* _RECORDS PROVIDED_
────────────────

definition phiw :: "(nat \<Rightarrow> real) \<Rightarrow> (nat \<Rightarrow> real) \<Rightarrow> (real \<Rightarrow> real) \<Rightarrow> nat list \<Rightarrow> real \<Rightarrow> real" where
  "phiw a b S ws = foldr (\<lambda>i f. phi a b S i \<circ> f) ws id"

definition gapJ :: "(nat \<Rightarrow> real) \<Rightarrow> (nat \<Rightarrow> real) \<Rightarrow> nat \<Rightarrow> real set" where
  "gapJ a b i = {b i<..<a (Suc i)}"

end

theory Submission
  imports Defs
begin

text \<open>If the nonlinearity of \<open>S\<close> is small compared with the room the intervals \<open>I\<^sub>j\<close> leave
  in \<open>L\<close>, every branch of \<open>S\<close> expands by a uniform factor \<open>1/r > 1\<close>. The inverse branches
  then contract by \<open>r\<close>, and the Hoelder bound on \<open>log |S'|\<close> gives all compositions \<open>\<phi>(w)\<close>
  a distortion bounded independently of \<open>w\<close>, the errors forming a geometric series.
  Hence two points of \<open>T = \<phi>(j\<^sub>1,\<dots>,j\<^sub>m)(L)\<close> coming from a gap of level \<open>m + p\<close> are
  at most \<open>C r^p |T|\<close> apart, while \<open>F\<close>, of distortion below \<open>1/2\<close> and mapping all of \<open>T\<close>
  into \<open>L\<close>, stretches them by at most \<open>e^(1/2) |L| / |T|\<close>. Their images span a gap \<open>J\<^sub>j\<close>,
  whose length is bounded below, so \<open>r^p\<close> is bounded below.\<close>

lemma C1_on_mean_value:
  fixes F F' :: "real \<Rightarrow> real"
  assumes F: "C1_on T F F'" and T: "is_interval T" and x: "x \<in> T" and y: "y \<in> T"
  shows "\<exists>\<xi>. min x y \<le> \<xi> \<and> \<xi> \<le> max x y \<and> \<xi> \<in> T \<and> F y - F x = F' \<xi> * (y - x)"
proof -
  have ordered: "\<exists>\<xi>\<in>{u..v}. F v - F u = F' \<xi> * (v - u)"
    if "u \<in> T" "v \<in> T" "u \<le> v" for u v
  proof -
    have sub: "{u..v} \<subseteq> T" using mem_is_interval_1_I[OF T that(1,2)] by auto
    have "(F has_derivative (*) (F' z)) (at z within {u..v})" if "z \<in> {u..v}" for z
      using F sub that unfolding C1_on_def has_field_derivative_def[symmetric]
      by (meson DERIV_subset subsetD)
    from mvt_very_simple[OF \<open>u \<le> v\<close>, of F "\<lambda>z. (*) (F' z)"] this show ?thesis by auto
  qed
  have between: "\<xi> \<in> T" if "min x y \<le> \<xi>" "\<xi> \<le> max x y" for \<xi>
    using mem_is_interval_1_I[OF T x y] mem_is_interval_1_I[OF T y x] that
    by (cases "x \<le> y") auto
  show ?thesis
  proof (cases "x \<le> y")
    case True
    then show ?thesis using ordered[OF x y] between by fastforce
  next
    case False
    then obtain \<xi> where "\<xi> \<in> {y..x}" "F x - F y = F' \<xi> * (x - y)"
      using ordered[OF y x] by auto
    then show ?thesis using False between by (intro exI[of _ \<xi>]) (auto simp: algebra_simps)
  qed
qed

────────────────

* _TASK REQUIREMENTS_
Look over the listing and return each line that holds "using".

* _SOLVED EXERCISE_
    have sub: "{u..v} \<subseteq> T" using mem_is_interval_1_I[OF T that(1,2)] by auto
      using F sub that unfolding C1_on_def has_field_derivative_def[symmetric]
    using mem_is_interval_1_I[OF T x y] mem_is_interval_1_I[OF T y x] that
    then show ?thesis using ordered[OF x y] between by fastforce
      using ordered[OF y x] by auto
    then show ?thesis using False between by (intro exI[of _ \<xi>]) (auto simp: algebra_simps)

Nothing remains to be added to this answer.